Copy out the lines of the records below, and only those lines, from the one with "then show ?thesis using \<open>C" through the one with "by (rule dot_gvec_gvec[OF A])", exactly as they appear.

Dataset entries
_____

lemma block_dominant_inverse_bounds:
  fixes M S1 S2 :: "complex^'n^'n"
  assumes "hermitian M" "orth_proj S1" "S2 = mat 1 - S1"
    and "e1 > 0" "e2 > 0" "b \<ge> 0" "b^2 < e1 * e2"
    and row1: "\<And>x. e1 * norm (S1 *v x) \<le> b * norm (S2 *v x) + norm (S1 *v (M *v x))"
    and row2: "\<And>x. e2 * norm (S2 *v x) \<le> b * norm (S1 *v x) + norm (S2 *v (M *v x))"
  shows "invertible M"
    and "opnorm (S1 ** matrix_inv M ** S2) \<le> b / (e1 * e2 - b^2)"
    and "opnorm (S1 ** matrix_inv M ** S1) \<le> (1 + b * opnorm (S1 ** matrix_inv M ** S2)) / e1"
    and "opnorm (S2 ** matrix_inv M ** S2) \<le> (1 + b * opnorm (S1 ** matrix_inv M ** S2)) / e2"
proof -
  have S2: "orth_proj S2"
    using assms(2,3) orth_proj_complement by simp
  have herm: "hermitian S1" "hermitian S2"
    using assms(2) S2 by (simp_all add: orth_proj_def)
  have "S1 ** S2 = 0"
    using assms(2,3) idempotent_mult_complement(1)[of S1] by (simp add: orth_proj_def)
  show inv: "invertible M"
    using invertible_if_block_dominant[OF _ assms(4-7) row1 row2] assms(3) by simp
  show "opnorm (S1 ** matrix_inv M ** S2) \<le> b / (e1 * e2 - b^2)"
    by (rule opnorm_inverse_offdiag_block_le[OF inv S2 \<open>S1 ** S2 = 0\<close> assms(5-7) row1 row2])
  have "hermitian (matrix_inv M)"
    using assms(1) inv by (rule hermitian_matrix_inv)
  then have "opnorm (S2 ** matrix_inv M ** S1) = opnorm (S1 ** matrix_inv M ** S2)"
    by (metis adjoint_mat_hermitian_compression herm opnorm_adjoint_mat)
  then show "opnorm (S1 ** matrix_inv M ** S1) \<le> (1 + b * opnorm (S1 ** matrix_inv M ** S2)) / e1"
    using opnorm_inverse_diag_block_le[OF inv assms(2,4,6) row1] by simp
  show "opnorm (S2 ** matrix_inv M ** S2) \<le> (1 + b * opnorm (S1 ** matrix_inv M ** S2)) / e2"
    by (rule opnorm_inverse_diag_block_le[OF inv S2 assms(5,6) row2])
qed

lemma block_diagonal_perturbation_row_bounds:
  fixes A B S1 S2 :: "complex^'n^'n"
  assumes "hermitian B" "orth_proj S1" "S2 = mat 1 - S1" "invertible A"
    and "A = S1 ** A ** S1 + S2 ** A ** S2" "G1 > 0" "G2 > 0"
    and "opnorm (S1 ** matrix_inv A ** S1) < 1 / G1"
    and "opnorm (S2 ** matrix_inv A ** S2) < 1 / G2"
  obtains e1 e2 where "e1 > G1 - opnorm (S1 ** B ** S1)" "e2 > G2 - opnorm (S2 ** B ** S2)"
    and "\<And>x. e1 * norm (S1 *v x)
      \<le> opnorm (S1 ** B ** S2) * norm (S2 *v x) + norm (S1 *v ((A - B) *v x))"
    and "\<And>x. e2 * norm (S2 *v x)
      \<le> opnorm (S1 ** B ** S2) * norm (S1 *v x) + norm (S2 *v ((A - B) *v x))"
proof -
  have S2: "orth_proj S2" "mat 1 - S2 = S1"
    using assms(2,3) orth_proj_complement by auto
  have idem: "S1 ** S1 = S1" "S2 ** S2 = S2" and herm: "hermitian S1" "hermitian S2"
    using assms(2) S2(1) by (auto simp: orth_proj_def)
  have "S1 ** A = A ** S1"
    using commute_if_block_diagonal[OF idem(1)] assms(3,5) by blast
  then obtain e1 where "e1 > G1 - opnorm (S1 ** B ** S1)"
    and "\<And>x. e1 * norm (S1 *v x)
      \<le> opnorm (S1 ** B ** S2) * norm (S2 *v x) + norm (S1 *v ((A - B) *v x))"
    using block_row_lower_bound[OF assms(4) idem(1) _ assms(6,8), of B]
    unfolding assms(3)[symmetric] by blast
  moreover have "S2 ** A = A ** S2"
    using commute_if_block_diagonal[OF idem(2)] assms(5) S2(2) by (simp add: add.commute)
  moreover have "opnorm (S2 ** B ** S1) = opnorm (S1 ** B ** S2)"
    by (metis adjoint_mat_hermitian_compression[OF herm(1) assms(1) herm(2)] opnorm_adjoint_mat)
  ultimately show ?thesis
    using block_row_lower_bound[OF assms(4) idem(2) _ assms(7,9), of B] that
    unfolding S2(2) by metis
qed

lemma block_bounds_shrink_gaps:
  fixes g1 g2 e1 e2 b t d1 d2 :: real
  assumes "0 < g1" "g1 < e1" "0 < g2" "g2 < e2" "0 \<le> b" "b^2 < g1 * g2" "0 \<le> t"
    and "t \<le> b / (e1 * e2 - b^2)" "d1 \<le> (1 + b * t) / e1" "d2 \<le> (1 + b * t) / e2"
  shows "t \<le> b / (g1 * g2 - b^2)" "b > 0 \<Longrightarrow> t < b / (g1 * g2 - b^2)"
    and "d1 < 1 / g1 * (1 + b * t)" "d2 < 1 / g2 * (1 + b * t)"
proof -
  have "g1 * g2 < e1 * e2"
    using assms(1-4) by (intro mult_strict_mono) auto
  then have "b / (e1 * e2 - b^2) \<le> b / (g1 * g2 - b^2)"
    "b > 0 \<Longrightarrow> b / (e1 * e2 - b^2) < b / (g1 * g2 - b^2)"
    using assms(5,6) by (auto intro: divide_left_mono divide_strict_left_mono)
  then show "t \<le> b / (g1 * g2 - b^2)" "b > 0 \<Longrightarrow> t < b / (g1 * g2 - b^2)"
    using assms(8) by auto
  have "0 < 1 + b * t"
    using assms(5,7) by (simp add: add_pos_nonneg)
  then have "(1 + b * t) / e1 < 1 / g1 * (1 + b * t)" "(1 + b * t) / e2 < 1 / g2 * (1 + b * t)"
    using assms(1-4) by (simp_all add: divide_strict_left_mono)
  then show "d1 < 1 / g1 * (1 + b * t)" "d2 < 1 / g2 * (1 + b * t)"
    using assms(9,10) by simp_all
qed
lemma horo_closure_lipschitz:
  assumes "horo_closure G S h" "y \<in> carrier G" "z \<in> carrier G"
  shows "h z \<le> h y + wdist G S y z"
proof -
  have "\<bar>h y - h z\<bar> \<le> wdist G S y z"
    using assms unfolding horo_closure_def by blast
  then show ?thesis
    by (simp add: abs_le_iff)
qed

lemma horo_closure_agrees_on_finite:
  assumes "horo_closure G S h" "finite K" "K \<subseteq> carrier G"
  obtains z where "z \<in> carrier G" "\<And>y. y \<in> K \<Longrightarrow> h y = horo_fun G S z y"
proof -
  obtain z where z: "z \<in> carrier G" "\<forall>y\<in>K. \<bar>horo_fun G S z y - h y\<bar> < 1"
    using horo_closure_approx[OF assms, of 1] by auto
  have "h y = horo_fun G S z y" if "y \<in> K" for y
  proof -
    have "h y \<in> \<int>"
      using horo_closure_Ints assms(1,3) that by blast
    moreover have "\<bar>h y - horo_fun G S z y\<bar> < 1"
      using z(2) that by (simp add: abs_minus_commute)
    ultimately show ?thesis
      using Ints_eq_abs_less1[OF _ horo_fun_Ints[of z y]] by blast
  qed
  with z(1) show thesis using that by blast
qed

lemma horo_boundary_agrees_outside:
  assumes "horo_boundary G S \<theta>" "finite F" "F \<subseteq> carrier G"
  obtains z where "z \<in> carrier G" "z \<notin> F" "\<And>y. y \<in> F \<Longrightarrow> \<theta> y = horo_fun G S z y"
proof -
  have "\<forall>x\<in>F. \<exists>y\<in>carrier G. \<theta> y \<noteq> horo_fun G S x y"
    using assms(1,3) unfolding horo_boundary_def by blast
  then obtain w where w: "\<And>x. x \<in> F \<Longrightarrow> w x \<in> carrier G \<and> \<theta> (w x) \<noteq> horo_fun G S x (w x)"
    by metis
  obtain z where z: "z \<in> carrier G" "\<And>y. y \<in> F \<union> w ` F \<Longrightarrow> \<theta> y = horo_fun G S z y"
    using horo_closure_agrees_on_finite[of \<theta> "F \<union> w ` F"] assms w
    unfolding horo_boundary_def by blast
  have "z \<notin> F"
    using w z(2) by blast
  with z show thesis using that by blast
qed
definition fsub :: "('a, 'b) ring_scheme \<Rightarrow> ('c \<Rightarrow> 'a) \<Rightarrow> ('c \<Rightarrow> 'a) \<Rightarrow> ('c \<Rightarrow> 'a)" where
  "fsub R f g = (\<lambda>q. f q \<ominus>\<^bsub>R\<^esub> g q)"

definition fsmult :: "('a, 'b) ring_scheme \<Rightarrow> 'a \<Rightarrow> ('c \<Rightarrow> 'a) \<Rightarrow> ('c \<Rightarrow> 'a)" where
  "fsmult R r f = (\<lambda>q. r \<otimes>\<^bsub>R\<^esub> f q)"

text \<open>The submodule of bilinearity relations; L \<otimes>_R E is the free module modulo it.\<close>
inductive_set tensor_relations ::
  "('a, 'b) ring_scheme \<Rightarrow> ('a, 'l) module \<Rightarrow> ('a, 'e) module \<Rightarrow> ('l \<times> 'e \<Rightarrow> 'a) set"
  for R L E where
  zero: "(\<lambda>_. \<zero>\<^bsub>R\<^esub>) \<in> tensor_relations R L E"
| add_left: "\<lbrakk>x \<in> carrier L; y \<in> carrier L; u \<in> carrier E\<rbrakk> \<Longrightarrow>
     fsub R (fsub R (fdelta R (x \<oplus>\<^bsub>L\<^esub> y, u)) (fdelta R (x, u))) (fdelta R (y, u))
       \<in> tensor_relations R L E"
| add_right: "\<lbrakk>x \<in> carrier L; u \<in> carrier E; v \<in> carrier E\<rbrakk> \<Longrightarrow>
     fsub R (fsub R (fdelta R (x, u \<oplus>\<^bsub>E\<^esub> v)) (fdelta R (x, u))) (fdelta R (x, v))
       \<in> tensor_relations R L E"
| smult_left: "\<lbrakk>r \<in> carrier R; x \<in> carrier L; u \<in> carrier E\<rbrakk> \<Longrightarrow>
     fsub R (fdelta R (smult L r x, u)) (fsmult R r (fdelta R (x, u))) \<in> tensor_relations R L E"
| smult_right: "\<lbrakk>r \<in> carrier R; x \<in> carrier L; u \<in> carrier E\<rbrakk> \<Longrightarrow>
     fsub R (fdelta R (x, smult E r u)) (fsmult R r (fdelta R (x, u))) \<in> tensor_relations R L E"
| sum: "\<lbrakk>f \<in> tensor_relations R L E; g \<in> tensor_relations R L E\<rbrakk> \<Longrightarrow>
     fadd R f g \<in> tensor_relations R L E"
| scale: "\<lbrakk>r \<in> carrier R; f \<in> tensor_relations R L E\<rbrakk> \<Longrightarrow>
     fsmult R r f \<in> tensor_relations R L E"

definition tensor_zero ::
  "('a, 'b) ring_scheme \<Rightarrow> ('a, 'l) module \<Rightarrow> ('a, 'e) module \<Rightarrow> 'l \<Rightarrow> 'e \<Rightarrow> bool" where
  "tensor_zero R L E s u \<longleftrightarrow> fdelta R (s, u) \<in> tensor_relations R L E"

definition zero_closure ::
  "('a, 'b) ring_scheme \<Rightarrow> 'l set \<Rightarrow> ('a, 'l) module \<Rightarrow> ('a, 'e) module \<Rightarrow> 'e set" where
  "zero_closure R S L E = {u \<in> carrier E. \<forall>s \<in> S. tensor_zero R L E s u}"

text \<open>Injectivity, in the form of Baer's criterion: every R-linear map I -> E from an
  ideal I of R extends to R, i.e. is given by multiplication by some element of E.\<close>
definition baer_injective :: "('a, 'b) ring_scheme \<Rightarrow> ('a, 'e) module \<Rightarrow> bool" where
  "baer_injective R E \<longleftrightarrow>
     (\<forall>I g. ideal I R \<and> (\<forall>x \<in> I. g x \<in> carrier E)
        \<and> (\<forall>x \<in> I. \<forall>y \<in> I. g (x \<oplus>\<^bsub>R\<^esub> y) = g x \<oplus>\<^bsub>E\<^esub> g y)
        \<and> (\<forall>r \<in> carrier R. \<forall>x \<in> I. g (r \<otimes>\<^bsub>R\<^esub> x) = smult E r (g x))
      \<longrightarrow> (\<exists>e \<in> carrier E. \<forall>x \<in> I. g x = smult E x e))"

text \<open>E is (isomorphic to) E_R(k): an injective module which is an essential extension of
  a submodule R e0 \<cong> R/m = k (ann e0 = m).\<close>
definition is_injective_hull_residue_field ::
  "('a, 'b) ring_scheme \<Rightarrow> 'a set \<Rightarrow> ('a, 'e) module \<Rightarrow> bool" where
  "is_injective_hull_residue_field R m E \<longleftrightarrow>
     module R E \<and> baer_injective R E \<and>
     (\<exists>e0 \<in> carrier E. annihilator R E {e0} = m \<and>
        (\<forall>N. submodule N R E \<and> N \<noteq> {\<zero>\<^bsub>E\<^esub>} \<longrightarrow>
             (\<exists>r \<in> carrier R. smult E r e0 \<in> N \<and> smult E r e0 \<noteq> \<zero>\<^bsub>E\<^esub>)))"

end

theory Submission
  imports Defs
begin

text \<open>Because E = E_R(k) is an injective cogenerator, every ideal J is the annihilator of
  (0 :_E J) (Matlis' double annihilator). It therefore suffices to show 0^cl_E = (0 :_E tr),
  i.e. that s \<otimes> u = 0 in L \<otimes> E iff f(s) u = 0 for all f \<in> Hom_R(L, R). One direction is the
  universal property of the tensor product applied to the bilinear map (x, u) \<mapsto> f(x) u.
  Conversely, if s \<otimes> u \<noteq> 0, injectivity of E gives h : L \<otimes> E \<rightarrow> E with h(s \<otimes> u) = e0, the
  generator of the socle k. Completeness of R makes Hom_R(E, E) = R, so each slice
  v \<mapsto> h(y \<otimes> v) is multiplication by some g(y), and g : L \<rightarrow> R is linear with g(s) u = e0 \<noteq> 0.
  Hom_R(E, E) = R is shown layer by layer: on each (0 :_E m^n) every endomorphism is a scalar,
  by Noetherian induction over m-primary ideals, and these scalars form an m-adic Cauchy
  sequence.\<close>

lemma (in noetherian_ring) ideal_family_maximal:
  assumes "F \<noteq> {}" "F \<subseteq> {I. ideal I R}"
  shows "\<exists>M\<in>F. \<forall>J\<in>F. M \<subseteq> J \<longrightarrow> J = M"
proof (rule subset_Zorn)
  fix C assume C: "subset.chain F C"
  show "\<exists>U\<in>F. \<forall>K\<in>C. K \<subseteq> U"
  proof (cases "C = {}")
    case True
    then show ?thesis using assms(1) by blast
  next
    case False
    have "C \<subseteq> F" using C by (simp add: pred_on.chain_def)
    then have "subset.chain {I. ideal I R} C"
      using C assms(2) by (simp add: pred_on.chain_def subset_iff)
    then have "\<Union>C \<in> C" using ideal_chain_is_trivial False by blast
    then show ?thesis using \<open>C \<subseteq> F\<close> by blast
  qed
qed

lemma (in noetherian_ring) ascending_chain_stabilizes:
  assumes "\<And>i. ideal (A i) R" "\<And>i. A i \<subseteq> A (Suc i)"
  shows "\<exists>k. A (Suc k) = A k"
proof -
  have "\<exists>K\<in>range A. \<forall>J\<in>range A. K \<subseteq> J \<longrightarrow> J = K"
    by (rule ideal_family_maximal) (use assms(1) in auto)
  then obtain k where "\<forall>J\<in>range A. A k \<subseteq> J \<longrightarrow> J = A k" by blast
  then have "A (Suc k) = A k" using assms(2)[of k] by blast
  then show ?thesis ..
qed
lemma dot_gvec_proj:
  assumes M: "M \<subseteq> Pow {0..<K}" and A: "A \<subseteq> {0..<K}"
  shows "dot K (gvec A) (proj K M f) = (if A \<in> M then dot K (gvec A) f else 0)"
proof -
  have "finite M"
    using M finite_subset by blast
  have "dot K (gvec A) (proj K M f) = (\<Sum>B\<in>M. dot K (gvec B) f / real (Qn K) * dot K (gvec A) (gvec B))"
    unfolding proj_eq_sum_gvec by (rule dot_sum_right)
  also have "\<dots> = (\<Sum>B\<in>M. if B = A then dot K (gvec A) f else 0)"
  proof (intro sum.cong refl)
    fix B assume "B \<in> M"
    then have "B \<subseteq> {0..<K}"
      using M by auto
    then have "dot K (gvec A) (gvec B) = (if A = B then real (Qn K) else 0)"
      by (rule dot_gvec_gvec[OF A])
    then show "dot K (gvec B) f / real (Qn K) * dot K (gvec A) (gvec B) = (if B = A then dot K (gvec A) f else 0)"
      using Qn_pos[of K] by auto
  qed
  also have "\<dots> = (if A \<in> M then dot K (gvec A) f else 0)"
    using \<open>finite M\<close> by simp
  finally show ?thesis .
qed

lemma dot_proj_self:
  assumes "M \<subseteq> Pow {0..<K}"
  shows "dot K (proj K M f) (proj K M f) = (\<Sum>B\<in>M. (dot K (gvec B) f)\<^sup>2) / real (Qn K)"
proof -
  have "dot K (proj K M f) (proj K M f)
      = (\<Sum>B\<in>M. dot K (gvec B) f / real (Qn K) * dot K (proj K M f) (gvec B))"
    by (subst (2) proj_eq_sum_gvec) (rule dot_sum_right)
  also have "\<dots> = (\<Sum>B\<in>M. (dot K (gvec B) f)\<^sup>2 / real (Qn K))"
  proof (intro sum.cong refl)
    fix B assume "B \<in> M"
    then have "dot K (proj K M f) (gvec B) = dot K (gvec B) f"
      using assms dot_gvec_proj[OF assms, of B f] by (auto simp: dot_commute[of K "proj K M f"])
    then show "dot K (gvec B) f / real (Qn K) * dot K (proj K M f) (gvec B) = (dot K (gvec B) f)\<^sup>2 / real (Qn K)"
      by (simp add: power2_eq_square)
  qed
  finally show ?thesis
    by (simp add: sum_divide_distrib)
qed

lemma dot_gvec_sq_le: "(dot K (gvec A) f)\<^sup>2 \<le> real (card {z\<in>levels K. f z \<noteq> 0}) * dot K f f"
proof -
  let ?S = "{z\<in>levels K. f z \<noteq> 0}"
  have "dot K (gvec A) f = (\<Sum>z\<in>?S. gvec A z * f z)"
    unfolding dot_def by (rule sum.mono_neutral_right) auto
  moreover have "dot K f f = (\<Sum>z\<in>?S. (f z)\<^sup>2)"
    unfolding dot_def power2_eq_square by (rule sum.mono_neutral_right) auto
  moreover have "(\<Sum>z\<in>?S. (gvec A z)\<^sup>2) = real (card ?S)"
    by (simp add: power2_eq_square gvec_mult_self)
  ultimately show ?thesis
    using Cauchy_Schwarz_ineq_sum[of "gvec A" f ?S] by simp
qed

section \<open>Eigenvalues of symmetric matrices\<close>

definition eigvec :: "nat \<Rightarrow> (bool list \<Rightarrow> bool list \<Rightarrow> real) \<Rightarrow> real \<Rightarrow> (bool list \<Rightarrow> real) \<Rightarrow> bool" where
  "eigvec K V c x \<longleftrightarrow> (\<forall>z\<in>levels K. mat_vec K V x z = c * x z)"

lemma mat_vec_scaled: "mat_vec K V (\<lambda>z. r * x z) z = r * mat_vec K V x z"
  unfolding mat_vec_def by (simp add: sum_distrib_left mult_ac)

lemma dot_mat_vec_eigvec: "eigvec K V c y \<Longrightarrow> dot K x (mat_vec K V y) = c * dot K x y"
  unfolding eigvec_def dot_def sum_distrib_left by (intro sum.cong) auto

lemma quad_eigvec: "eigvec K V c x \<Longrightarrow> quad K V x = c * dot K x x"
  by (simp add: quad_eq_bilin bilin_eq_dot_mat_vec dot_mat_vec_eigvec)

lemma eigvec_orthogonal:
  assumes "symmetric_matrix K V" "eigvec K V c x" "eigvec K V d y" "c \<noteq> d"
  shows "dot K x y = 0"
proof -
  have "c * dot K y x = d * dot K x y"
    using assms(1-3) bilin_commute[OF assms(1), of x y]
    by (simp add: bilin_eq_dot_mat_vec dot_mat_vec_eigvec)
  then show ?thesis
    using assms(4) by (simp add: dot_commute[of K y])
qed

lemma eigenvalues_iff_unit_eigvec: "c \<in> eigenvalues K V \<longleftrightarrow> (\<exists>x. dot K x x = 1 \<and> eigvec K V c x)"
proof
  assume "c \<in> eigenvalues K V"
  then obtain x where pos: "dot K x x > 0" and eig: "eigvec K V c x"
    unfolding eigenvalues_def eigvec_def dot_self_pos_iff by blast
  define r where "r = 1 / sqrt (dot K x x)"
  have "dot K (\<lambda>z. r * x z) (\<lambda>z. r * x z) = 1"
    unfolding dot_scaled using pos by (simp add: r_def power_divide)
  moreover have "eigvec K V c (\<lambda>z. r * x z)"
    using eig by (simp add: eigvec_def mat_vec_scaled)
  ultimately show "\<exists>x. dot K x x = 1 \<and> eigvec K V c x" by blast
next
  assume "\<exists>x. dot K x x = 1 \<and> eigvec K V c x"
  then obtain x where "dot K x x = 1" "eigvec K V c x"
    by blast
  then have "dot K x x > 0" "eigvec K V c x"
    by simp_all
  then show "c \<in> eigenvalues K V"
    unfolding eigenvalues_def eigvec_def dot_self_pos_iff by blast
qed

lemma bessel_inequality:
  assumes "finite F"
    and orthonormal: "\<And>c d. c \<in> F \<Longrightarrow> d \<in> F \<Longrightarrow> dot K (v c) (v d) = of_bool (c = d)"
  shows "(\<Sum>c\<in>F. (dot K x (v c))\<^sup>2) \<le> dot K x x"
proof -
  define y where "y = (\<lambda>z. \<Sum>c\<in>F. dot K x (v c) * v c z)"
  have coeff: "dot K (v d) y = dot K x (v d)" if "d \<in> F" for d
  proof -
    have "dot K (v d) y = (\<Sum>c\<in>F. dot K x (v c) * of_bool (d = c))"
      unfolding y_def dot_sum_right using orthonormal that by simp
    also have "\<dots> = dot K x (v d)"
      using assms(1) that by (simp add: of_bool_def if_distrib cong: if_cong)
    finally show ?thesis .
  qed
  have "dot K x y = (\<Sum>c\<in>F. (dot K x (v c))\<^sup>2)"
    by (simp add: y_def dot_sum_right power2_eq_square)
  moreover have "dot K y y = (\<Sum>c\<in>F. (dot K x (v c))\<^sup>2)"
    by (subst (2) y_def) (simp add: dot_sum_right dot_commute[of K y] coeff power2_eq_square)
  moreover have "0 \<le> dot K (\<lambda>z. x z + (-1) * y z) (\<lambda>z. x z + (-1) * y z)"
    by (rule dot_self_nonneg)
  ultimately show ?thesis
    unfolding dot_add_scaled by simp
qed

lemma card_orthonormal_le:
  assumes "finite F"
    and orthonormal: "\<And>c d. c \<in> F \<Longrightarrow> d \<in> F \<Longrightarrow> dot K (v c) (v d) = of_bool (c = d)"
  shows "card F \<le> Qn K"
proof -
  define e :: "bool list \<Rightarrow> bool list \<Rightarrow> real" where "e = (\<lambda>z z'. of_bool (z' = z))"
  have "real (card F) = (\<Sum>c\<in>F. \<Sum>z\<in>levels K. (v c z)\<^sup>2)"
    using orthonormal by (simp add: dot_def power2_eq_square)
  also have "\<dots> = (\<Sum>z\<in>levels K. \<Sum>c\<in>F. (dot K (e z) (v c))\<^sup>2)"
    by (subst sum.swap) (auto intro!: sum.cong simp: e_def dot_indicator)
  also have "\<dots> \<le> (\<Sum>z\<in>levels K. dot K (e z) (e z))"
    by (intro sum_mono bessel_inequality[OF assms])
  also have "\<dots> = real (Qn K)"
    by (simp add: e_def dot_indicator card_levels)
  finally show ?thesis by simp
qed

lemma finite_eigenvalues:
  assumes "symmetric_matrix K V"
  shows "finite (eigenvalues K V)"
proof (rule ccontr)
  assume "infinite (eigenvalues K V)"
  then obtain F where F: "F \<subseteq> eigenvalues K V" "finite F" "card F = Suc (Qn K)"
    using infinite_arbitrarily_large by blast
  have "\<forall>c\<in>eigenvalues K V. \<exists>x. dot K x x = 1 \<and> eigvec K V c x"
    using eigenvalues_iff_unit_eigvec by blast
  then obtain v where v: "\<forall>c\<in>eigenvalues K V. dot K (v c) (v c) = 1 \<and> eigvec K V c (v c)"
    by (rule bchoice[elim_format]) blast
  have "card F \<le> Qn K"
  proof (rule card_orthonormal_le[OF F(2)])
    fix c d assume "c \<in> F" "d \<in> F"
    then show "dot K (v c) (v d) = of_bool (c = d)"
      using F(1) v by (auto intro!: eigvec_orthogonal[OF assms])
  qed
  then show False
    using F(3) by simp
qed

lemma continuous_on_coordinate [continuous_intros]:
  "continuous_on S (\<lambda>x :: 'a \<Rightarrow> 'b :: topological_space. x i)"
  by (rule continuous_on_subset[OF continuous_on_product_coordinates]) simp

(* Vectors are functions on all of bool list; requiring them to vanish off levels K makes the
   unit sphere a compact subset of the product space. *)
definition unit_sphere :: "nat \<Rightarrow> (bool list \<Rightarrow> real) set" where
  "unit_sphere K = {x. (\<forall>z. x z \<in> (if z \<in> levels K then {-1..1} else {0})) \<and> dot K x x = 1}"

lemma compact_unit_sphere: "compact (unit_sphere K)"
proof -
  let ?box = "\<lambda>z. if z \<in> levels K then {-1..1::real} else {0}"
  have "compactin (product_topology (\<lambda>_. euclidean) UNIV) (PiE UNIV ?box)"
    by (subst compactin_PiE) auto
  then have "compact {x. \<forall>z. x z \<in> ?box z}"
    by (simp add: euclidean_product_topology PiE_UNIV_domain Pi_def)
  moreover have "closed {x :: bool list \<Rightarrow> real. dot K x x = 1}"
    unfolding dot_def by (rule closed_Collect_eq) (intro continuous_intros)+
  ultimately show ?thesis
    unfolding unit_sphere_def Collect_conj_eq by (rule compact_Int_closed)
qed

_____

◆ RESPONSE BELOW:
    then show ?thesis using \<open>C \<subseteq> F\<close> by blast
  qed
qed

lemma (in noetherian_ring) ascending_chain_stabilizes:
  assumes "\<And>i. ideal (A i) R" "\<And>i. A i \<subseteq> A (Suc i)"
  shows "\<exists>k. A (Suc k) = A k"
proof -
  have "\<exists>K\<in>range A. \<forall>J\<in>range A. K \<subseteq> J \<longrightarrow> J = K"
    by (rule ideal_family_maximal) (use assms(1) in auto)
  then obtain k where "\<forall>J\<in>range A. A k \<subseteq> J \<longrightarrow> J = A k" by blast
  then have "A (Suc k) = A k" using assms(2)[of k] by blast
  then show ?thesis ..
qed
lemma dot_gvec_proj:
  assumes M: "M \<subseteq> Pow {0..<K}" and A: "A \<subseteq> {0..<K}"
  shows "dot K (gvec A) (proj K M f) = (if A \<in> M then dot K (gvec A) f else 0)"
proof -
  have "finite M"
    using M finite_subset by blast
  have "dot K (gvec A) (proj K M f) = (\<Sum>B\<in>M. dot K (gvec B) f / real (Qn K) * dot K (gvec A) (gvec B))"
    unfolding proj_eq_sum_gvec by (rule dot_sum_right)
  also have "\<dots> = (\<Sum>B\<in>M. if B = A then dot K (gvec A) f else 0)"
  proof (intro sum.cong refl)
    fix B assume "B \<in> M"
    then have "B \<subseteq> {0..<K}"
      using M by auto
    then have "dot K (gvec A) (gvec B) = (if A = B then real (Qn K) else 0)"
      by (rule dot_gvec_gvec[OF A])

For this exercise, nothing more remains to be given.